Vous vous souvenez certainement, en effet, de la démarche envisagée comme la plus propre pour parvenir à cet heureux résultat. Après avoir réfléchi, seul devant Dieu, vous écrivez au Saint-Père pour lui dire votre acceptation du Concile Vatican II et de tous ses documents, affirmer votre plein attachement à la personne de Sa Sainteté Paul VI et à la totalité de son enseignement (1), en vous engageant, comme preuve concrète de votre soumission au Successeur de Pierre, à adopter et à faire adopter dans les maisons qui dépendent de vous, le Missel qu'il a lui-même promulgué en vertu de sa suprême autorité apostolique .
Comment ne comprendrais-je pas ce qu'une telle démarche peut avoir de coûteux ? Peut-être cela explique-t-il que vous hésitiez encore à franchir le pas. Peut-il cependant exister une autre voie ? Je m'adresse à vous comme un frère, avec espoir et confiance : ce pas est possible ; il faut le faire pour le bien de toute l'Eglise et de ceux qui nous regardent de l'extérieur, et je désire tout faire pour vous y aider.
Nous avons fêté Pâques il y a quelques jours. Le Christ Sauveur indique la route. Pour s'unir à Lui, il n'y a pas d'autre chemin que de tout remettre entre ses mains.
Je prie de tout cœur afin que vous y parveniez, et que vous procuriez ainsi, à son Vicaire sur la terre, la joie profonde qu'il attend avec impatience.
Croyez, Monseigneur, à mes sentiments fraternellement dévoués.
(1) Un pape qui veut ainsi
imposer un plein attachement à la totalité de son propre enseignement,
cela fait doublement difficulté. 1 ° Comme on le sait ou comme on devrait le
savoir, la totalité de l'enseignement d'un pape (surtout quand il s'agit d'un
pape moderne, parlant beaucoup et souvent) n'engage pas l'autorité pontificale
au même degré dans toutes ses parties ; il arrive même que cette autorité ne
soit pas du tout engagée, lorsqu'il parle comme docteur privé.
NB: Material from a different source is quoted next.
(* Under the standing setting and assumptions (A1)–(A3) described in the context, assume that the acceptance set $\mathcal A$ is polyhedral. Then the optimal payoff map $\mathcal R$ is lower semicontinuous at every $X\in\mathcal X$.
   Context: Let $\mathcal X$ be a Hausdorff, first countable, locally convex topological vector space over $\mathbb R$ with topological dual $\mathcal X'$, partially ordered by a partial order $\geq$ with positive cone $\mathcal X_+=\{X\in\mathcal X: X\geq 0\}$. Let $\mathcal M\subset\mathcal X$ be a vector subspace with $1<\dim\mathcal M<\infty$, carrying the relative topology, and let $\pi:\mathcal M\to\mathbb R$ be linear. Standing assumptions: (A1) there is $U\in\mathcal M\cap\mathcal X_+$ with $\pi(U)=1$; (A2) $\mathcal A\subsetneq\mathcal X$ is closed, contains $0$, and satisfies $\mathcal A+\mathcal X_+\subset\mathcal A$; (A3) the map $\rho:\mathcal X\to[-\infty,\infty]$, $\rho(X)=\inf\{\pi(Z): Z\in\mathcal M,\ X+Z\in\mathcal A\}$, is finitely valued and continuous. The optimal payoff map $\mathcal R:\mathcal X\rightrightarrows\mathcal M$ is $\mathcal R(X)=\{Z\in\mathcal M: X+Z\in\mathcal A,\ \pi(Z)=\rho(X)\}$. A set is polyhedral if it is a finite intersection of sets $\{X\in\mathcal X:\varphi(X)\geq\alpha\}$ with $\varphi\in\mathcal X'$, $\alpha\in\mathbb R$. $\mathcal R$ is lower semicontinuous at $X$ if for every open $\mathcal U\subset\mathcal M$ with $\mathcal R(X)\cap\mathcal U\neq\emptyset$ there is an open neighborhood $\mathcal U_X$ of $X$ in $\mathcal X$ such that $\mathcal R(Y)\cap\mathcal U\neq\emptyset$ for all $Y\in\mathcal U_X$. *)

theory Defs
  imports "HOL-Analysis.Analysis"
begin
Le plein attachement
à la totalité de l'enseignement est une requête exorbitante ; c'est une forme
de soumission inconditionnelle. Première anomalie, donc, et majeure. 2° Seconde
anomalie, non moins majeure : il s'agit uniquement de l'enseignement de
Paul VI tout seul ; de son enseignement personnel. Un chef d'école peut ainsi
parler. Un pape ne parle pas ainsi. Tous les documents pontificaux antérieurs à
Paul VI l'attestent : ils se référent constamment aux enseignements des
prédécesseurs, ils les confirment, les réitèrent, les développent, les
appliquent, et jamais ne cherchent à s'en distinguer individuellement.
Supposera-t-on ici une balourdise de Mgr Benelli ? Non pas. Il
reproduit fidèlement la pensée de Paul VI. Car c'est la même pensée que Paul VI
exprime lui-mëme dans son discours consistorial du 24 mai 1976, marquant
nettement que son propre enseignement a une individualité distincte :
« Personne, pensons-nous, ne saurait avoir de doute sur le sens des
orientations et des encouragements que, au cours de notre pontificat, nous
avons donnés aux pasteurs et au peuple de Dieu, et même au monde entier. Nous
sommes reconnaissant à ceux qui ont pris comme programme ces enseignements
donnés dans une intention qui était toujours soutenue par une vive espérance,
etc. » Là où tous ses prédécesseurs parlaient de l'enseignement des papes,
du Saint-Siège ou de l'Eglise, Paul VI parle de son enseignement
personnel. De même que Vatican II nous est présenté comme « le » concile,
abstraction faite des conciles antérieurs, de même Paul VI présente son enseignement
de manière séparée, particulière : tel qu'on puisse isolément le prendre comme
programme ; et il exprime sa reconnaissance à ceux qui l'ont fait. A ceux qui
ne l'ont pas fait, il veut l'imposer : la phrase de Mgr Benelli sur le plein
attachement à la totalité de l'enseignement de Paul VI est en parfaite
cohérence avec le passage cité du discours consistorial.